Monday, March 21, 2011

Wouldn't It be Handy if I became A Yankee Doodle Dandy?








Investment in our poor country is now running to the sea like a river in spate
With many people wondering if we any longer have even a real sovereign state
And for many like myself life has been very tough and has taken a hard toll
But suddenly there is hope from green shamrock contained in a little Superbowl.

Our Prime Minister Enda gave it as a present to the USA on last St Patrick’s Day
And your President in turn then promised to come visit and cheer us up in May
But how could a humble little bowl of green plants lighten our own financial task
And how a recovery in fortune could result from same, you may well indeed ask.

Well you see that we as a nation are not as green as this plant from an Irish field
Because this shamrock in a form of hedge fund with which riches can be sealed
So in return for retaining a corporate tax here as low as twelve and a half percent
We will ensure that all American Foreign National’s profits to home can be sent.

And to those who may be incredulous and doubt that this will please your Uncle Sam
Can I simply point out that the same was done before with tulip bulbs in Old Amsterdam
Our Celtic Tiger was a cub from a liaison like that between Freedie Mac and Fanny Mae
So the green shoots of recovery can be found in the humble shamrock whatever they say.

Those who have scoffed or have said a spell of change would take the Magic of a Merlin
Should try to remember like minister Harney that we may be closer to Boston than Berlin
And a little bowl of shamrock brought a broad smile to the cheeks of one Barack Obama
Not to mention the green hue appearing on our Edna’s face like a chubby Irish Dali Lama.

Yet some you remain unconvinced by my treatise and think that I am merely teasing
But most Irish people would also like to benefit from your Dollar’s quantitative easing
Indeed the White House fountain has turned green and Obama has a very friendly tone
And it’s said that Timothy Geithner of the US Treasury Dept is even considering a loan.

A new alliance with the United States in our current dilemma could indeed prove handy
But it could lead us to loose identity and be referred to as a mere Yankee Doodle Dandy
Still we could claim as our new president Barack Obama, who has charisma and charm
So even if we turn our country into a mixture of Disney and Dallas, is it really any harm.

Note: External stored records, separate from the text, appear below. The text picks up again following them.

lemma prod_qbinomial:
  "(\<Prod>i<N. x + p ^ i * y) = (\<Sum>m\<le>N. p ^ (m choose 2) * qbinom p N m * y ^ m * x ^ (N - m))"
proof (induction N)
  case (Suc N)
  let ?c = "\<lambda>m. p ^ (m choose 2) * qbinom p N m * y ^ m"
  have times_x: "(\<Sum>m\<le>N. ?c m * x ^ (N - m)) * x = (\<Sum>m\<le>Suc N. ?c m * x ^ (Suc N - m))"
    by (auto simp: qbinom_eq_0 sum_distrib_right Suc_diff_le mult.assoc intro!: sum.cong)
  have exponent: "p ^ (m choose 2) * p ^ N = p ^ (Suc m choose 2) * p ^ (Suc N - Suc m)" if "m \<le> N" for m
    using that by (simp add: Suc_choose_two flip: power_add)
  have "(\<Sum>m\<le>N. ?c m * x ^ (N - m)) * (p ^ N * y)
      = (\<Sum>m\<le>N. p ^ (Suc m choose 2) * p ^ (Suc N - Suc m) * qbinom p N m * y ^ Suc m * x ^ (Suc N - Suc m))"
    unfolding sum_distrib_right
  proof (rule sum.cong)
    fix m assume "m \<in> {..N}"
    have "?c m * x ^ (N - m) * (p ^ N * y)
        = (p ^ (m choose 2) * p ^ N) * qbinom p N m * y ^ Suc m * x ^ (Suc N - Suc m)"
      by (simp add: mult_ac)
    also have "\<dots> = p ^ (Suc m choose 2) * p ^ (Suc N - Suc m) * qbinom p N m * y ^ Suc m * x ^ (Suc N - Suc m)"
      using exponent \<open>m \<in> {..N}\<close> by (simp only: atMost_iff)
    finally show "?c m * x ^ (N - m) * (p ^ N * y)
        = p ^ (Suc m choose 2) * p ^ (Suc N - Suc m) * qbinom p N m * y ^ Suc m * x ^ (Suc N - Suc m)" .
  qed simp
  then have times_y: "(\<Sum>m\<le>N. ?c m * x ^ (N - m)) * (p ^ N * y)
      = (\<Sum>m\<le>Suc N. p ^ (m choose 2) * (if m = 0 then 0 else p ^ (Suc N - m) * qbinom p N (m - 1))
                       * y ^ m * x ^ (Suc N - m))"
    by (subst sum.atMost_Suc_shift) (simp add: mult.assoc)
  have "(\<Prod>i<Suc N. x + p ^ i * y) = (\<Sum>m\<le>N. ?c m * x ^ (N - m)) * x + (\<Sum>m\<le>N. ?c m * x ^ (N - m)) * (p ^ N * y)"
    unfolding prod.lessThan_Suc Suc.IH by (simp only: distrib_left)
  also have "\<dots> = (\<Sum>m\<le>Suc N. p ^ (m choose 2) * qbinom p (Suc N) m * y ^ m * x ^ (Suc N - m))"
    unfolding times_x times_y by (simp add: sum.distrib[symmetric] ring_distribs)
  finally show ?case .
qed (simp add: binomial_eq_0)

But wait, is it certain that the Molly Blooms in our green Irish garden will ever be rosy
Or is this proposal a mere knee jerk response to the remarks of French President Sarkozy
Maybe we should reflect a little longer before we apply to use the standard dollar bureau
And despite our reservations continue with the IMF/ECB rescue and especially the Euro.

You see, joining the United States team would not be without some problems after all,
For example, we might have to eat humble Apple pie and replace hurling with baseball
So perhaps on balance, we are not as badly off as we think and should stop our wailin

For come next election we might not get Obama as we hope but good grief, Sarah Palin.

So we’ll simply resolve to be better at being Irish and we will not give up all our hope
For good and all as Obama is for Ireland, can he really be as infallible as a German Pope
And staying as we are means we can still enjoy fine drinking, long chats and good craic
Without feeling obliged like our American Yankee friends to invade countries like Iraq.

And sure green shamrock is best worn on a proud chest but one Saint’s day each year
As even hedge or field funds do not guarantee vast returns of income it has become clear
So let’s simply raise a toast to being Irish, to our fine country and especially to our stout
For when it comes to facile money answers, there are already enough daft solutions about.



Note: This is a light fictitious verse written strictly for amusement only and is dedicated to Martyn Turner the wonderful cartoonist with the Irish Times whose shamrock cartoon inspired the little verse.




3 comments:

  1. Haha! Classic: "For come next election we might not get Obama as we hope but good grief, Sarah Palin." Loved it, following, Colm!